[Stored data]
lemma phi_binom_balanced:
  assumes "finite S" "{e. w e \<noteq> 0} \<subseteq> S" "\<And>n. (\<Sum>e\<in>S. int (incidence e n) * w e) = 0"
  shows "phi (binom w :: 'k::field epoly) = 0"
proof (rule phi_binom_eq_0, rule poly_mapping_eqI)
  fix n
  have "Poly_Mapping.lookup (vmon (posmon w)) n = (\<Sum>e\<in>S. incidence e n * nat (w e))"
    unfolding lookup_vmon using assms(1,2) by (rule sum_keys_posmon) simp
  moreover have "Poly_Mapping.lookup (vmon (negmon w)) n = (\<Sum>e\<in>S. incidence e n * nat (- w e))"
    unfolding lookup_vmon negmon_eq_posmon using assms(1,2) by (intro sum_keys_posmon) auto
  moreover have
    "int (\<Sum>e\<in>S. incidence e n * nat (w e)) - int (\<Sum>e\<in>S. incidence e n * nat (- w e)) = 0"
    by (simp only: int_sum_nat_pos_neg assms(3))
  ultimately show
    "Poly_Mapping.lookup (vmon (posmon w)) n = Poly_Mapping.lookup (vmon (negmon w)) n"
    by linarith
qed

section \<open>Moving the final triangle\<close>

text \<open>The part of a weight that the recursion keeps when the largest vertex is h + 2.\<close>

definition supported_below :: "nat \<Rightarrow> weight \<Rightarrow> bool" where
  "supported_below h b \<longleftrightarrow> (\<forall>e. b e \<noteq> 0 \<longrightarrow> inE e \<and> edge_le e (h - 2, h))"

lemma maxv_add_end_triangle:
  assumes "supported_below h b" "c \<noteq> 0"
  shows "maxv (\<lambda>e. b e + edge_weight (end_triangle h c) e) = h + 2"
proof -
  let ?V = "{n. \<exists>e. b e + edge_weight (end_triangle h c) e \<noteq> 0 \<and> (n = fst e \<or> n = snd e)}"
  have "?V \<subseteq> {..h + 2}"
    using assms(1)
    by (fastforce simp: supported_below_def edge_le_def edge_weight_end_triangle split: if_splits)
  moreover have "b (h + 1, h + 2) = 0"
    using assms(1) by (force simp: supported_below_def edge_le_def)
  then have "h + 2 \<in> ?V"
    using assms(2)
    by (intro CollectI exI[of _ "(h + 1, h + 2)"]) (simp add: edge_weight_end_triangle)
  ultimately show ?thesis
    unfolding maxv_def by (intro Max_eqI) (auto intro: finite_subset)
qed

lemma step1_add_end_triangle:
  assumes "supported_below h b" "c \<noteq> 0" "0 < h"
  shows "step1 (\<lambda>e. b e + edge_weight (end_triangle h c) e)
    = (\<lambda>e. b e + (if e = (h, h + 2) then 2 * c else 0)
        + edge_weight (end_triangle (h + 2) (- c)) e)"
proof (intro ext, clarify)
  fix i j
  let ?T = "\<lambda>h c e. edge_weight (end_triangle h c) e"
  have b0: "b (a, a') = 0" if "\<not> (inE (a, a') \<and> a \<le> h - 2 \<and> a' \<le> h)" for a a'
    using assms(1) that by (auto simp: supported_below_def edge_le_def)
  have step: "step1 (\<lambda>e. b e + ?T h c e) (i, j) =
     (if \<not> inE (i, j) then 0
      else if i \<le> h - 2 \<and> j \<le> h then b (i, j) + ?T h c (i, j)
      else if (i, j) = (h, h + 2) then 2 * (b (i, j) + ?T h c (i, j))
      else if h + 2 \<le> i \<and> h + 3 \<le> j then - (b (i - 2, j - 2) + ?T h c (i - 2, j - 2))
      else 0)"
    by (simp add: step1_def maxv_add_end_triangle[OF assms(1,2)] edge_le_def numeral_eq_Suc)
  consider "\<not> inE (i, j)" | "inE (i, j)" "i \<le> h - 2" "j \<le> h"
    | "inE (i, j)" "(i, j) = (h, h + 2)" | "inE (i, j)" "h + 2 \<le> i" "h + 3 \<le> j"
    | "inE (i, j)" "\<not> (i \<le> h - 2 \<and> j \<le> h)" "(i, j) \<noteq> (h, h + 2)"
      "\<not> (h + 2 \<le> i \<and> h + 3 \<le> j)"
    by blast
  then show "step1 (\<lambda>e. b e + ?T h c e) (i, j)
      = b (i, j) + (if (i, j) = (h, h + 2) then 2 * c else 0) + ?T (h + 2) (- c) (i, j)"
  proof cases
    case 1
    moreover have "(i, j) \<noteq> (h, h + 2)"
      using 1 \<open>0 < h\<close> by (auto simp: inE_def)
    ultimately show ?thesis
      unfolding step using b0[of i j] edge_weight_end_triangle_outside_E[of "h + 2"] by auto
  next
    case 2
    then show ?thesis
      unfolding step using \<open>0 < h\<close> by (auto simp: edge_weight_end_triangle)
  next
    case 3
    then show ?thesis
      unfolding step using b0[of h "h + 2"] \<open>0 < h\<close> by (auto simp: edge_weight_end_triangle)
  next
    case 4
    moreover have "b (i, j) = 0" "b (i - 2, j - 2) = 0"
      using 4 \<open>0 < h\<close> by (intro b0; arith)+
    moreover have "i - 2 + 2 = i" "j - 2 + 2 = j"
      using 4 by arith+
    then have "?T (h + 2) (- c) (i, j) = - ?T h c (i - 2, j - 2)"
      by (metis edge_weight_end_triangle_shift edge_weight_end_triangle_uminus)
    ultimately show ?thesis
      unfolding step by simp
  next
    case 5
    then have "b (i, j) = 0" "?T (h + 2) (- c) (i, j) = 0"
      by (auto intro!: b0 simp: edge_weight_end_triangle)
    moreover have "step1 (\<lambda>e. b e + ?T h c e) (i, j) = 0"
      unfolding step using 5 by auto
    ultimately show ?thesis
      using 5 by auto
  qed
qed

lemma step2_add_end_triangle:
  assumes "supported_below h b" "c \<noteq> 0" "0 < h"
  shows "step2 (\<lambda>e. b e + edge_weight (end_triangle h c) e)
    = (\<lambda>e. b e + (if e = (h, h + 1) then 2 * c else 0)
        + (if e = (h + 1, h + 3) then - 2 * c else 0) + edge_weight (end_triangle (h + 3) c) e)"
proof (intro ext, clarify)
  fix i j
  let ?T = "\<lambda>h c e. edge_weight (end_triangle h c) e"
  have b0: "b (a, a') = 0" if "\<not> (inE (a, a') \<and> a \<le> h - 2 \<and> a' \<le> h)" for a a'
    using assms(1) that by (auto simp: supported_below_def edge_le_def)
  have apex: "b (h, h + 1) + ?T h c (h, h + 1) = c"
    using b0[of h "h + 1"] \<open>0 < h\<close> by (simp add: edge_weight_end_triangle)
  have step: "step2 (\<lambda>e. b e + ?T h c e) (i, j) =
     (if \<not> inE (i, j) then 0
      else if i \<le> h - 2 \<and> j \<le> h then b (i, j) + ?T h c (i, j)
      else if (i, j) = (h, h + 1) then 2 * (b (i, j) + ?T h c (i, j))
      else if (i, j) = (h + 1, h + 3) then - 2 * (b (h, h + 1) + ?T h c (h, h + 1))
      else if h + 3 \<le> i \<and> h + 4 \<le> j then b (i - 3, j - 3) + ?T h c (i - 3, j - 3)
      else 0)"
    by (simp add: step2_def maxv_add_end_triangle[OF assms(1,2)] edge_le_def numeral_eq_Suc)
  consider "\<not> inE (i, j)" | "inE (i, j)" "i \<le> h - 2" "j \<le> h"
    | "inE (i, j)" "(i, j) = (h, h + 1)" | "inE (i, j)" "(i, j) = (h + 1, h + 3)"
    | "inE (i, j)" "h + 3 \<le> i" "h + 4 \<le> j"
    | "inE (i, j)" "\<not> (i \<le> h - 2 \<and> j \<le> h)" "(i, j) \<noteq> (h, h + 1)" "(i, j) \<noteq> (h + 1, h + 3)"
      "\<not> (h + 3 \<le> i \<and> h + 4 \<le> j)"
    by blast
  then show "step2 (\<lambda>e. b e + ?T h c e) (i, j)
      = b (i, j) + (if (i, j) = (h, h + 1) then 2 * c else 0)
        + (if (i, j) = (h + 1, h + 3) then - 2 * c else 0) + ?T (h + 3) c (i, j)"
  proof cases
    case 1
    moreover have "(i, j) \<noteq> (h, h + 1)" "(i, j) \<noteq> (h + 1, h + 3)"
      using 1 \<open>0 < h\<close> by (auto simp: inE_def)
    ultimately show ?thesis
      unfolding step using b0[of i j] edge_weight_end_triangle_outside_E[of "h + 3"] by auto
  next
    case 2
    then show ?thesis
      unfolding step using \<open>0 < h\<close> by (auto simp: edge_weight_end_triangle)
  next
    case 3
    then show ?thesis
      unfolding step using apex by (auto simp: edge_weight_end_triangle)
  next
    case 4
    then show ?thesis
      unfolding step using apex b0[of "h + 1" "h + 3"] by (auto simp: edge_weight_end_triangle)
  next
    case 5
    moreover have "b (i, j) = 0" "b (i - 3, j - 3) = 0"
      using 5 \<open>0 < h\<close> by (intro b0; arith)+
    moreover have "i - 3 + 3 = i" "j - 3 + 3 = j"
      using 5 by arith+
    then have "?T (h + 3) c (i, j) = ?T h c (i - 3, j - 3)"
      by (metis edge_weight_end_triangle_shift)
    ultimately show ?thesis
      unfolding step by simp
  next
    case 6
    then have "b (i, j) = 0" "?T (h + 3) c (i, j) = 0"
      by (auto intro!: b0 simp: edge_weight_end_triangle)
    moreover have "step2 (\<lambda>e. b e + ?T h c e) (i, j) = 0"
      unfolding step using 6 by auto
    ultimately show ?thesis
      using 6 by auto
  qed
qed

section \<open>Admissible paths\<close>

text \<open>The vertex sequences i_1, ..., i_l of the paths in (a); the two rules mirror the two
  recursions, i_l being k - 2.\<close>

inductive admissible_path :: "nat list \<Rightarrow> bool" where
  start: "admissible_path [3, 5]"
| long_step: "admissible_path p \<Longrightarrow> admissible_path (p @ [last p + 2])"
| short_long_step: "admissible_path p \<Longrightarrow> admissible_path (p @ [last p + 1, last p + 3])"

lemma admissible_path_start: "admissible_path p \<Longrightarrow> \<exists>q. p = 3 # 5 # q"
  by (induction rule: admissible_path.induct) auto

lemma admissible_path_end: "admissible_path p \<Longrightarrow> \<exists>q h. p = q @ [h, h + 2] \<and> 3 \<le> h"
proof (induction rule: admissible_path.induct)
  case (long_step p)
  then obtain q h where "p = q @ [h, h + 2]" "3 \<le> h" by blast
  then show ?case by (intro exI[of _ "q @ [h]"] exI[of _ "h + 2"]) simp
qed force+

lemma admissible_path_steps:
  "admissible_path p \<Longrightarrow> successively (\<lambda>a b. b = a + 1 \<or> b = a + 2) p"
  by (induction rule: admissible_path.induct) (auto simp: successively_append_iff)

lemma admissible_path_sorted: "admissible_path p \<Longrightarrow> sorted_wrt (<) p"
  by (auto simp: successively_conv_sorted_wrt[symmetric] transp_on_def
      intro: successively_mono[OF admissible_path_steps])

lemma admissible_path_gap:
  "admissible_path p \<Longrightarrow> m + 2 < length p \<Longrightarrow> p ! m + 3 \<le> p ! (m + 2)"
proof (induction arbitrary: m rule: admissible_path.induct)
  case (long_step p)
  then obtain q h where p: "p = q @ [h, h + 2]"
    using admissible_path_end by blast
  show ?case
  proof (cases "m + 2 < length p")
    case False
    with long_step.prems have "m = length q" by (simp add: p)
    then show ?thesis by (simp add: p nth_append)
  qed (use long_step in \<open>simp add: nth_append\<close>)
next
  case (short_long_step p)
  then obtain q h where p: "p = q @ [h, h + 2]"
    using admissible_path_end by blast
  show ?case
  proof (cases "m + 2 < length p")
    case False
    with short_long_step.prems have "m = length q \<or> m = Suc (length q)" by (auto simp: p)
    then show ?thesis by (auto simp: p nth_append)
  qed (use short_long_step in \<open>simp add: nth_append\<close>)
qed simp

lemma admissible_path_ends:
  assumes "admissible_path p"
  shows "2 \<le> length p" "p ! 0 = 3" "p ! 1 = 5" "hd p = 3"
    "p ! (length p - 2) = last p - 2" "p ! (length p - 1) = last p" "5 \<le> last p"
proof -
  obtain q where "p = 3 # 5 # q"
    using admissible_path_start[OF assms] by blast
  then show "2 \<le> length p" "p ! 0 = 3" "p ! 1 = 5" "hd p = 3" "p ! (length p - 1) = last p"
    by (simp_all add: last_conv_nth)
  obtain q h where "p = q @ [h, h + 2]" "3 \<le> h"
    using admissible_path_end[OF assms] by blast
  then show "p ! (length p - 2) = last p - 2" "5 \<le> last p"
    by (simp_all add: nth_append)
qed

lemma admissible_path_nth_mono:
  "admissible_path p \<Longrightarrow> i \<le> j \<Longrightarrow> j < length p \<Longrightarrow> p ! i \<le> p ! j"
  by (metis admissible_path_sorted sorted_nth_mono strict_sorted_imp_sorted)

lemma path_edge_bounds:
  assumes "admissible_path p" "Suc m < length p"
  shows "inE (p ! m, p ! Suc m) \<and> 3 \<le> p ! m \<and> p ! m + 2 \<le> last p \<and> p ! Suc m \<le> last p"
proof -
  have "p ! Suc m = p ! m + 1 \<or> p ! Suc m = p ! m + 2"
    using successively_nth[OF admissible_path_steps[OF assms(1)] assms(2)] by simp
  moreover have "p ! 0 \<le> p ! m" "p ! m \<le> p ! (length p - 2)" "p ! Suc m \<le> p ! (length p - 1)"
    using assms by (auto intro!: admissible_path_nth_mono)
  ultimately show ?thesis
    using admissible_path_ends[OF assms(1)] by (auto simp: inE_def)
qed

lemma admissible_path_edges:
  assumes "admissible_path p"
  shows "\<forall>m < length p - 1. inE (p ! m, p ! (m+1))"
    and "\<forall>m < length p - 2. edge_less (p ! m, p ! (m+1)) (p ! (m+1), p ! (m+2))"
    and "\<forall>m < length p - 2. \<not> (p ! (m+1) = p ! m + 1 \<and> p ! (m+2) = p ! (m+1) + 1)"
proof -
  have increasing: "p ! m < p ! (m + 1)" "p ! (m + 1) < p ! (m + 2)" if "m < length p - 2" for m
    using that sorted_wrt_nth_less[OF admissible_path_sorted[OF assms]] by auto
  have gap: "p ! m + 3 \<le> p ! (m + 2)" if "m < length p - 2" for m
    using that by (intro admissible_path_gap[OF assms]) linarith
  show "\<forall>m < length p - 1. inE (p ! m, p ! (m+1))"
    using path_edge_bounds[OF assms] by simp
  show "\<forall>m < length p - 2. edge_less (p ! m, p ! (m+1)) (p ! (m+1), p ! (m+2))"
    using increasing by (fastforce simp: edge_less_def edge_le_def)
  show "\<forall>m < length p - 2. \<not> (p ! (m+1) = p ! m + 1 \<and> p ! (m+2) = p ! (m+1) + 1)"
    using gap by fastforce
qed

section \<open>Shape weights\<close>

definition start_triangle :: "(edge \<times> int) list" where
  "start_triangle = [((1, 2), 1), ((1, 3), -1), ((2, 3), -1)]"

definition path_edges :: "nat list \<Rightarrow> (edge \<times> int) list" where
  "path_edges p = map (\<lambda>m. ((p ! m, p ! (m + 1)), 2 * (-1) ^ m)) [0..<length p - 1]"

--

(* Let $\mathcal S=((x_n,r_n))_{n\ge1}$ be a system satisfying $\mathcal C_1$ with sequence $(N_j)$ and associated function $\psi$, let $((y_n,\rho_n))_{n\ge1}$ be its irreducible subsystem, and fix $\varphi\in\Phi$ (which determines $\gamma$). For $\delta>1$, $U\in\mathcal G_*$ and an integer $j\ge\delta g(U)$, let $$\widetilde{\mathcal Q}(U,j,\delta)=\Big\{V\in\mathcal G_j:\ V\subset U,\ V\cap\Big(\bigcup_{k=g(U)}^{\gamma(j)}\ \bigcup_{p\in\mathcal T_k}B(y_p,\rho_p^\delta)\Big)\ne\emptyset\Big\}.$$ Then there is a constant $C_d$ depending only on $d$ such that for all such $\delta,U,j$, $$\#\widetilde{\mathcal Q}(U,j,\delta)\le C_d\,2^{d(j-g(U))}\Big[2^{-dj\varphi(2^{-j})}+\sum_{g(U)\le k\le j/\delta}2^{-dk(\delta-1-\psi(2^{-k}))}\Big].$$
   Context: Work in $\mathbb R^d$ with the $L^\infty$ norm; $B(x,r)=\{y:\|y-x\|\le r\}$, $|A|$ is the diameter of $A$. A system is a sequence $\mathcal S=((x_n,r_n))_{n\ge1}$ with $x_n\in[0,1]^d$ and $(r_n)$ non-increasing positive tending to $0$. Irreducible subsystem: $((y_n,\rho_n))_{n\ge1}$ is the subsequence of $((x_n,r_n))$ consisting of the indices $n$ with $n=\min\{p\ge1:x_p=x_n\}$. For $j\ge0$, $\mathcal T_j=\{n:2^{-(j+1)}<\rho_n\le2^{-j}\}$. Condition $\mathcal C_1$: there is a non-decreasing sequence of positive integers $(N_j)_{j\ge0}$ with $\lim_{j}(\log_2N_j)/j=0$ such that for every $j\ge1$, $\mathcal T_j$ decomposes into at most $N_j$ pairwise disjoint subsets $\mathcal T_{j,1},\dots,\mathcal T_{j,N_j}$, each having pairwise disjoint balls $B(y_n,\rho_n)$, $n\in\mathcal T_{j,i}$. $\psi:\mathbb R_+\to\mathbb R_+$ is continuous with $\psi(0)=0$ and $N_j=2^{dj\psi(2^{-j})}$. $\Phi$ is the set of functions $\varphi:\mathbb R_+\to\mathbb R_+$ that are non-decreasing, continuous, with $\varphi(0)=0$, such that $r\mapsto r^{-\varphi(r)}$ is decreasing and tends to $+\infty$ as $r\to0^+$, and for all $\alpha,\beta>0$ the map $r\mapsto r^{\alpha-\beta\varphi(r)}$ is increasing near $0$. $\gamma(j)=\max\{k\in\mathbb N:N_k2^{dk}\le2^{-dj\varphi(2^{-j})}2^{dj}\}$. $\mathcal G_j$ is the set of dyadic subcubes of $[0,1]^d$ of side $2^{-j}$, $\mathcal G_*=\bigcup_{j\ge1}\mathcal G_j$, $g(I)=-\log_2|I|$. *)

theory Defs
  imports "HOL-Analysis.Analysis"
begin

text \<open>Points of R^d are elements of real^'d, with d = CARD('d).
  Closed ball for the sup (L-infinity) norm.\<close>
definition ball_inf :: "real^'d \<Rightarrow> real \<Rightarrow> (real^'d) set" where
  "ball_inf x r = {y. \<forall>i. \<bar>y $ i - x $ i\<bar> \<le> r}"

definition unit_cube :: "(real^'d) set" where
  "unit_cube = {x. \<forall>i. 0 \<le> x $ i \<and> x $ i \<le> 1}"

---

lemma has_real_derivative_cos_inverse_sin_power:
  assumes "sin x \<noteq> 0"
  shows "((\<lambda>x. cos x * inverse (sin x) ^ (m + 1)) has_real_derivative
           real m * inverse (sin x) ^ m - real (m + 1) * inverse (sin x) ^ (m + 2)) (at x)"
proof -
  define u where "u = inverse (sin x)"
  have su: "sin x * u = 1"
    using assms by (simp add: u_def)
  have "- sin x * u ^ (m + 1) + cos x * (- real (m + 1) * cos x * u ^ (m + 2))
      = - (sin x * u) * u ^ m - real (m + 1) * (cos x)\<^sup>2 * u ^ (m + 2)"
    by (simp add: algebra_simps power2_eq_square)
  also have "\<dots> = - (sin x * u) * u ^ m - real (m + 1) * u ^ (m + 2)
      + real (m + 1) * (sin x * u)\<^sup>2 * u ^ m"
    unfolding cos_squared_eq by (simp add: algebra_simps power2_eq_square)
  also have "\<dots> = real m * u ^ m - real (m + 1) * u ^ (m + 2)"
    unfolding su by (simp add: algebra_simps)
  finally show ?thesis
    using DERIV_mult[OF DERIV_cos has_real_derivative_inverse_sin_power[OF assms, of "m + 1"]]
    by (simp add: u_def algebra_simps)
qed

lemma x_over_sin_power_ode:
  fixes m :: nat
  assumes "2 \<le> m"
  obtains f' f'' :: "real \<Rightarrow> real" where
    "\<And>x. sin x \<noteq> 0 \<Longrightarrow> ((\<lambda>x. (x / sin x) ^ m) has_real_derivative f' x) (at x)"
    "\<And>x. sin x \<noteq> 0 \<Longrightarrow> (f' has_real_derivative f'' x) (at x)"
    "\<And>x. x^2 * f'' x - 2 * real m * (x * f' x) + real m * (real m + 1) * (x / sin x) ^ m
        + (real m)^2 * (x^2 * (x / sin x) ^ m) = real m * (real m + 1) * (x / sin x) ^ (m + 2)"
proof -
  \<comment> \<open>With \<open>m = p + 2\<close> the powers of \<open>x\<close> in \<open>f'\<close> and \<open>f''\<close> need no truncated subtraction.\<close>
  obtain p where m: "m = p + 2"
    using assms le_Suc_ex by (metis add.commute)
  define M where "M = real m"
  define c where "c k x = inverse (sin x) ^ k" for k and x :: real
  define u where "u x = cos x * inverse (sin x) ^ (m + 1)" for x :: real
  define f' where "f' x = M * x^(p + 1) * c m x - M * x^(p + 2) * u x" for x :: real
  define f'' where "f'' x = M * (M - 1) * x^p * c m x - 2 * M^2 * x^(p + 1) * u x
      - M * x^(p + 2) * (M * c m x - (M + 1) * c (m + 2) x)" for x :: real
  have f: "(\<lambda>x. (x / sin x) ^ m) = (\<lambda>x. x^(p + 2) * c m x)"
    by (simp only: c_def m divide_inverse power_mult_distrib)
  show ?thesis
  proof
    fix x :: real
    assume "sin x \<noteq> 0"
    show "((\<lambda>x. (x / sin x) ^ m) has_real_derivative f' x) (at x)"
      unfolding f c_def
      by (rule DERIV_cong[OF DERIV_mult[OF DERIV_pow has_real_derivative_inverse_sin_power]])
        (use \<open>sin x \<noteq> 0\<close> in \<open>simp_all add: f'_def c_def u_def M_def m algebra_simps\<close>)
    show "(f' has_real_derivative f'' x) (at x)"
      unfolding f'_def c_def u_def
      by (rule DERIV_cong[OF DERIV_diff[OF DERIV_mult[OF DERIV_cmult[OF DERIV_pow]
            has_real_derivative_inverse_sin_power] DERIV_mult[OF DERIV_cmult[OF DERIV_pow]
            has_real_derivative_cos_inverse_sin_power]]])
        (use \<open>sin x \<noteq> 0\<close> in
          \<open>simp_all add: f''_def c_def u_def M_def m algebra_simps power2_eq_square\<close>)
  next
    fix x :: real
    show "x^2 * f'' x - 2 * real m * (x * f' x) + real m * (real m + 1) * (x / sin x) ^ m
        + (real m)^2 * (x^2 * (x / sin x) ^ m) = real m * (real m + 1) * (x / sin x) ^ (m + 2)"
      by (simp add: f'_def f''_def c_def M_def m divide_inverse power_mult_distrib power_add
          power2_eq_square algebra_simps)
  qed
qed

▶ _Task to carry out_
The entries above hold the needed span. Transcribe exactly the lines from the one with "p \<Longrightarrow> successively" to the one with "with long_step.prems have", both included.

▶ _Solution to this exercise_
  "admissible_path p \<Longrightarrow> successively (\<lambda>a b. b = a + 1 \<or> b = a + 2) p"
  by (induction rule: admissible_path.induct) (auto simp: successively_append_iff)

lemma admissible_path_sorted: "admissible_path p \<Longrightarrow> sorted_wrt (<) p"
  by (auto simp: successively_conv_sorted_wrt[symmetric] transp_on_def
      intro: successively_mono[OF admissible_path_steps])

lemma admissible_path_gap:
  "admissible_path p \<Longrightarrow> m + 2 < length p \<Longrightarrow> p ! m + 3 \<le> p ! (m + 2)"
proof (induction arbitrary: m rule: admissible_path.induct)
  case (long_step p)
  then obtain q h where p: "p = q @ [h, h + 2]"
    using admissible_path_end by blast
  show ?case
  proof (cases "m + 2 < length p")
    case False
    with long_step.prems have "m = length q" by (simp add: p)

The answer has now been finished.